= Clausius–Mossotti relation =

Equation for a material's dielectric constant given its atomic polarizability

In electromagnetism, the Clausius–Mossotti relation, named for O. F. Mossotti and Rudolf Clausius, expresses the dielectric constant (relative permittivity ε_{r}) of a material in terms of the atomic polarizability α of the material's constituent atoms and/or molecules, or a homogeneous mixture thereof. It is equivalent to the , which relates the refractive index (rather than the dielectric constant) of a substance to its polarizability.
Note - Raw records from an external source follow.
(* Let $n\ge 2$, $t\ge 1$ be integers and $q$ a prime power, and let $\mathcal{D}$ be the Desarguesian $(t-1)$-spread of $\mathrm{PG}(nt-1,q)$. Let $B$ be a minimal blocking set with respect to the hyperplanes of $\mathrm{PG}(n-1,q^t)$. Then there exists a minimal blocking set $B'$ with respect to $(nt-t-1)$-dimensional subspaces of $\mathrm{PG}(nt-1,q)$ such that $B=\mathcal{B}(B')$.
   Context: Field reduction: each point of $\mathrm{PG}(n-1,q^t)$ is a $1$-dimensional $\mathbb{F}_{q^t}$-subspace of $\mathbb{F}_{q^t}^n$, hence a $t$-dimensional $\mathbb{F}_q$-subspace of $\mathbb{F}_q^{nt}$, i.e. a $(t-1)$-dimensional subspace of $\mathrm{PG}(nt-1,q)$; the set $\mathcal{D}$ of these $(t-1)$-spaces partitions the points of $\mathrm{PG}(nt-1,q)$ (the Desarguesian $(t-1)$-spread). For $U\subseteq\mathrm{PG}(nt-1,q)$, $\mathcal{B}(U)$ is the set of elements of $\mathcal{D}$ meeting $U$, identified with the corresponding points of $\mathrm{PG}(n-1,q^t)$. A blocking set with respect to $j$-spaces is a point set meeting every $j$-dimensional subspace; minimal means no proper subset is such a blocking set. *)

theory Defs
  imports Main
begin

text \<open>K is a finite field (the type 'a), F \<subseteq> K a subfield with
 |F| = q, |K| = q^t. The ambient space is K^n, realised as functions nat \<Rightarrow> 'a supported on
 {..<n}. Subspaces over a subfield S (S = UNIV gives K-subspaces, S = F gives F-subspaces);
 projective dimension j corresponds to vector dimension j+1.\<close>

definition subfield :: "'a::field set \<Rightarrow> bool" where
  "subfield F \<longleftrightarrow> 0 \<in> F \<and> 1 \<in> F \<and> (\<forall>x\<in>F. \<forall>y\<in>F. x + y \<in> F \<and> x * y \<in> F)
     \<and> (\<forall>x\<in>F. - x \<in> F \<and> inverse x \<in> F)"

definition vecs :: "nat \<Rightarrow> (nat \<Rightarrow> 'a::field) set" where
  "vecs n = {v. \<forall>i\<ge>n. v i = 0}"

definition vzero :: "nat \<Rightarrow> 'a::field" where
  "vzero = (\<lambda>_. 0)"

definition vadd :: "(nat \<Rightarrow> 'a::field) \<Rightarrow> (nat \<Rightarrow> 'a) \<Rightarrow> (nat \<Rightarrow> 'a)" where
  "vadd x y = (\<lambda>i. x i + y i)"

definition vsmult :: "'a::field \<Rightarrow> (nat \<Rightarrow> 'a) \<Rightarrow> (nat \<Rightarrow> 'a)" where
  "vsmult c x = (\<lambda>i. c * x i)"

definition subsp :: "'a::field set \<Rightarrow> nat \<Rightarrow> (nat \<Rightarrow> 'a) set \<Rightarrow> bool" where
  "subsp S n W \<longleftrightarrow> W \<subseteq> vecs n \<and> vzero \<in> W \<and> (\<forall>x\<in>W. \<forall>y\<in>W. vadd x y \<in> W)
     \<and> (\<forall>c\<in>S. \<forall>x\<in>W. vsmult c x \<in> W)"

definition lin_comb :: "(nat \<Rightarrow> 'a::field) set \<Rightarrow> ((nat \<Rightarrow> 'a) \<Rightarrow> 'a) \<Rightarrow> (nat \<Rightarrow> 'a)" where
  "lin_comb A c = (\<lambda>i. \<Sum>a\<in>A. c a * a i)"

definition span_over :: "'a::field set \<Rightarrow> (nat \<Rightarrow> 'a) set \<Rightarrow> (nat \<Rightarrow> 'a) set" where
  "span_over S A = {v. \<exists>c. (\<forall>a\<in>A. c a \<in> S) \<and> v = lin_comb A c}"

definition indep_over :: "'a::field set \<Rightarrow> (nat \<Rightarrow> 'a) set \<Rightarrow> bool" where
  "indep_over S A \<longleftrightarrow> (\<forall>c. (\<forall>a\<in>A. c a \<in> S) \<longrightarrow> lin_comb A c = vzero \<longrightarrow> (\<forall>a\<in>A. c a = 0))"

definition has_dim :: "'a::field set \<Rightarrow> nat \<Rightarrow> (nat \<Rightarrow> 'a) set \<Rightarrow> nat \<Rightarrow> bool" where
  "has_dim S n W d \<longleftrightarrow> subsp S n W \<and>
     (\<exists>A. finite A \<and> A \<subseteq> W \<and> card A = d \<and> indep_over S A \<and> span_over S A = W)"

text \<open>Points of the projective space PG(n-1,K) (S = UNIV) resp. PG(nt-1,F) (S = F).\<close>
definition proj_points :: "'a::field set \<Rightarrow> nat \<Rightarrow> (nat \<Rightarrow> 'a) set set" where
  "proj_points S n = {P. has_dim S n P 1}"

text \<open>B meets every subspace of vector dimension d (= projective dimension d-1).\<close>
definition blocks :: "'a::field set \<Rightarrow> nat \<Rightarrow> nat \<Rightarrow> (nat \<Rightarrow> 'a) set set \<Rightarrow> bool" where
  "blocks S n d B \<longleftrightarrow> B \<subseteq> proj_points S n \<and> (\<forall>W. has_dim S n W d \<longrightarrow> (\<exists>P\<in>B. P \<subseteq> W))"

definition min_blocking :: "'a::field set \<Rightarrow> nat \<Rightarrow> nat \<Rightarrow> (nat \<Rightarrow> 'a) set set \<Rightarrow> bool" where
  "min_blocking S n d B \<longleftrightarrow> blocks S n d B \<and> (\<forall>B0. B0 \<subset> B \<longrightarrow> \<not> blocks S n d B0)"

text \<open>Field reduction: a K-point P (a 1-dim K-subspace) is, as an F-subspace, an element of the
 Desarguesian spread. \<B>(U) = the spread elements meeting U, i.e. K-points containing an F-point of U.\<close>
definition BU :: "nat \<Rightarrow> (nat \<Rightarrow> 'a::field) set set \<Rightarrow> (nat \<Rightarrow> 'a) set set" where
  "BU n U = {P \<in> proj_points UNIV n. \<exists>Q\<in>U. Q \<subseteq> P}"

end

theory Submission
  imports Defs "HOL-Library.FuncSet"
begin

text \<open>Write \<open>K\<close> for the field type and \<open>V = K\<^sup>n\<close>, an \<open>F\<close>-space of dimension \<open>n t\<close>. Let \<open>B''\<close> be the
  set of \<open>F\<close>-points lying on points of \<open>B\<close>. It blocks every \<open>F\<close>-subspace \<open>W\<close> of codimension \<open>t\<close>:
  \<open>W\<close> lies in a maximal proper \<open>F\<close>-subspace \<open>M\<close>, and \<open>M\<close> contains a \<open>K\<close>-hyperplane, since the
  largest \<open>K\<close>-subspace of \<open>M\<close> is cut out by the \<open>t\<close> \<open>F\<close>-linear forms \<open>x \<mapsto> \<pi>(e x)\<close>, where \<open>\<pi>\<close> is a
  form with kernel \<open>M\<close> and \<open>e\<close> runs through an \<open>F\<close>-basis of \<open>K\<close>. Some point \<open>P\<close> of \<open>B\<close> lies in that
  hyperplane, and \<open>P\<close> and \<open>W\<close> are subspaces of \<open>M \<noteq> V\<close> with \<open>|P| |W| = |V|\<close>, so they share an
  \<open>F\<close>-point. Now choose a minimal blocking \<open>B' \<subseteq> B''\<close>. Each point of \<open>\<B>(B')\<close> meets a point of
  \<open>B\<close> in an \<open>F\<close>-point and hence equals it, and \<open>\<B>(B')\<close> blocks the \<open>K\<close>-hyperplanes, which are
  \<open>F\<close>-subspaces of codimension \<open>t\<close>. So \<open>\<B>(B') \<subseteq> B\<close> is blocking, and minimality of \<open>B\<close> gives equality.\<close>

section \<open>Vectors and subspaces over a subfield\<close>

lemma vadd_apply: "vadd x y i = x i + y i" by (simp add: vadd_def)
lemma vsmult_apply: "vsmult c x i = c * x i" by (simp add: vsmult_def)
lemma vzero_apply: "vzero i = 0" by (simp add: vzero_def)
lemma lin_comb_apply: "lin_comb A c i = (\<Sum>a\<in>A. c a * a i)" by (simp add: lin_comb_def)
lemmas vec_simps = vadd_apply vsmult_apply vzero_apply lin_comb_apply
It may be expressed in SI units as
$$\frac{\varepsilon_\text{r} - 1}{\varepsilon_\text{r} + 2} = \frac{N \alpha}{3\varepsilon_0},$$
where
 $\varepsilon_\text{r} = \varepsilon/\varepsilon_0$ is the dielectric constant of the material, which for non-magnetic materials is equal to n^{2}, where n is the refractive index;
 ε_{0} is the permittivity of free space;
 N is the number density of the molecules (m^{−3});
 α is the molecular polarizability (C·m^{2}/V).
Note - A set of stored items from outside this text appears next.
lemma E1_endpoints_left_continuous:
  assumes u: "u \<in> E1" and al: "0 < \<alpha>" "\<alpha> \<le> 1" and e: "0 < \<epsilon>"
  shows "\<exists>\<beta>. 0 < \<beta> \<and> \<beta> < \<alpha> \<and> lowerE u \<alpha> - \<epsilon> < lowerE u \<beta> \<and> upperE u \<beta> < upperE u \<alpha> + \<epsilon>"
proof -
  note I = E1_level_interval[OF u] and mono = E1_endpoints_mono[OF u]
  have "\<exists>\<beta>. 0 < \<beta> \<and> \<beta> < \<alpha> \<and> lowerE u \<alpha> - \<epsilon> < lowerE u \<beta>"
  proof (rule ccontr)
    assume none: "\<not> ?thesis"
    have "lowerE u \<alpha> - \<epsilon> \<in> level u \<alpha>"
    proof (rule mem_level_if_mem_lower_levels[OF al(1)], intro allI impI)
      fix \<beta> assume b: "0 < \<beta> \<and> \<beta> < \<alpha>"
      then have "lowerE u \<beta> \<le> lowerE u \<alpha> - \<epsilon>" using none by (meson not_le)
      then show "lowerE u \<alpha> - \<epsilon> \<in> level u \<beta>"
        using I[of \<beta>] I[OF al] mono[of \<beta> \<alpha>] b al e by auto
    qed
    then show False using I[OF al] e by auto
  qed
  then obtain \<beta>1 where b1: "0 < \<beta>1" "\<beta>1 < \<alpha>" "lowerE u \<alpha> - \<epsilon> < lowerE u \<beta>1" by blast
  have "\<exists>\<beta>. 0 < \<beta> \<and> \<beta> < \<alpha> \<and> upperE u \<beta> < upperE u \<alpha> + \<epsilon>"
  proof (rule ccontr)
    assume none: "\<not> ?thesis"
    have "upperE u \<alpha> + \<epsilon> \<in> level u \<alpha>"
    proof (rule mem_level_if_mem_lower_levels[OF al(1)], intro allI impI)
      fix \<beta> assume b: "0 < \<beta> \<and> \<beta> < \<alpha>"
      then have "upperE u \<alpha> + \<epsilon> \<le> upperE u \<beta>" using none by (meson not_le)
      then show "upperE u \<alpha> + \<epsilon> \<in> level u \<beta>"
        using I[of \<beta>] I[OF al] mono[of \<beta> \<alpha>] b al e by auto
    qed
    then show False using I[OF al] e by auto
  qed
  then obtain \<beta>2 where b2: "0 < \<beta>2" "\<beta>2 < \<alpha>" "upperE u \<beta>2 < upperE u \<alpha> + \<epsilon>" by blast
  have "lowerE u \<beta>1 \<le> lowerE u (max \<beta>1 \<beta>2)" "upperE u (max \<beta>1 \<beta>2) \<le> upperE u \<beta>2"
    using mono[of \<beta>1 "max \<beta>1 \<beta>2"] mono[of \<beta>2 "max \<beta>1 \<beta>2"] b1 b2 al by auto
  then show ?thesis using b1 b2 by (intro exI[of _ "max \<beta>1 \<beta>2"]) auto
qed

lemma E1_has_endpoints:
  assumes u: "u \<in> E1"
  shows "has_endpoints u (lowerE u) (upperE u)"
proof -
  have "bounded (closure {t. 0 < u t})" using u by (simp add: E1_def compact_imp_bounded)
  then obtain K where K: "\<forall>x\<in>closure {t. 0 < u t}. \<bar>x\<bar> \<le> K" unfolding bounded_real by blast
  have bound: "\<bar>lowerE u \<alpha>\<bar> \<le> K \<and> \<bar>upperE u \<alpha>\<bar> \<le> K" if "\<alpha> \<in> {0<..1}" for \<alpha>
  proof -
    have "level u \<alpha> \<subseteq> closure {t. 0 < u t}" using that closure_subset by (fastforce simp: level_pos)
    then show ?thesis using E1_level_interval[OF u, of \<alpha>] that K by auto
  qed
  have "bdd_below (lowerE u ` {0<..1})"
    by (rule bdd_belowI2[where m="-K"]) (use bound in fastforce)
  moreover have "bdd_above (upperE u ` {0<..1})"
    by (rule bdd_aboveI2[where M=K]) (use bound in fastforce)
  ultimately show ?thesis unfolding has_endpoints_def fuzzy_endpoints_def
  proof (intro conjI allI impI)
    fix \<alpha> :: real assume "0 < \<alpha> \<and> \<alpha> \<le> 1"
    then show "lowerE u \<alpha> \<le> upperE u \<alpha>" "level u \<alpha> = {lowerE u \<alpha>..upperE u \<alpha>}"
      using E1_level_interval[OF u] by auto
  next
    fix \<alpha> \<beta> :: real assume "0 < \<alpha> \<and> \<alpha> \<le> \<beta> \<and> \<beta> \<le> 1"
    then show "lowerE u \<alpha> \<le> lowerE u \<beta>" "upperE u \<beta> \<le> upperE u \<alpha>"
      using E1_endpoints_mono[OF u] by auto
  next
    fix \<alpha> \<epsilon> :: real assume "0 < \<alpha> \<and> \<alpha> \<le> 1 \<and> 0 < \<epsilon>"
    then show "\<exists>\<beta>>0. \<beta> < \<alpha> \<and> lowerE u \<alpha> - \<epsilon> < lowerE u \<beta> \<and> upperE u \<beta> < upperE u \<alpha> + \<epsilon>"
      using E1_endpoints_left_continuous[OF u] by auto
  qed
qed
In the case that the material consists of a mixture of two or more species, the right side of the above equation would consist of the sum of the molecular polarizability contribution from each species, indexed by i in the following form:
$$\frac{\varepsilon_\text{r} - 1}{\varepsilon_\text{r} + 2} = \sum_i \frac{N_i \alpha_i}{3\varepsilon_0}.$$

In the CGS system of units the Clausius–Mossotti relation is typically rewritten to show the molecular polarizability volume $\alpha' = \frac{\alpha}{4\pi\varepsilon_0},$ which has units of volume (cm^{3}). Confusion may arise from the practice of using the shorter name "molecular polarizability" for both $\alpha$ and $\alpha'$ within literature intended for the respective unit system.

The Clausius–Mossotti relation assumes only an induced dipole relevant to its polarizability and is thus inapplicable for substances with a significant permanent dipole. It is applicable to gases such as N2, CO2, CH4 and H2 at sufficiently low densities and pressures. For example, the Clausius–Mossotti relation is accurate for N_{2} gas up to 1000 atm between 25 °C and 125 °C. Moreover, the Clausius–Mossotti relation may be applicable to substances if the applied electric field is at a sufficiently high frequencies such that any permanent dipole modes are inactive.

==Lorentz–Lorenz equation==
The Lorentz–Lorenz equation is similar to the Clausius–Mossotti relation, except that it relates the refractive index (rather than the dielectric constant) of a substance to its polarizability. The Lorentz–Lorenz equation is named after the Danish mathematician and scientist Ludvig Lorenz, who published it in 1869, and the Dutch physicist Hendrik Lorentz, who discovered it independently in 1878.

The most general form of the Lorentz–Lorenz equation is (in Gaussian-CGS units)
$$\frac{n^2 - 1}{n^2 + 2} = \frac{4 \pi}{3} N \alpha_\text{m},$$
where n is the refractive index, N is the number of molecules per unit volume, and $\alpha_\text{m}$ is the mean polarizability.
This equation is approximately valid for homogeneous solids, as well as liquids and gases.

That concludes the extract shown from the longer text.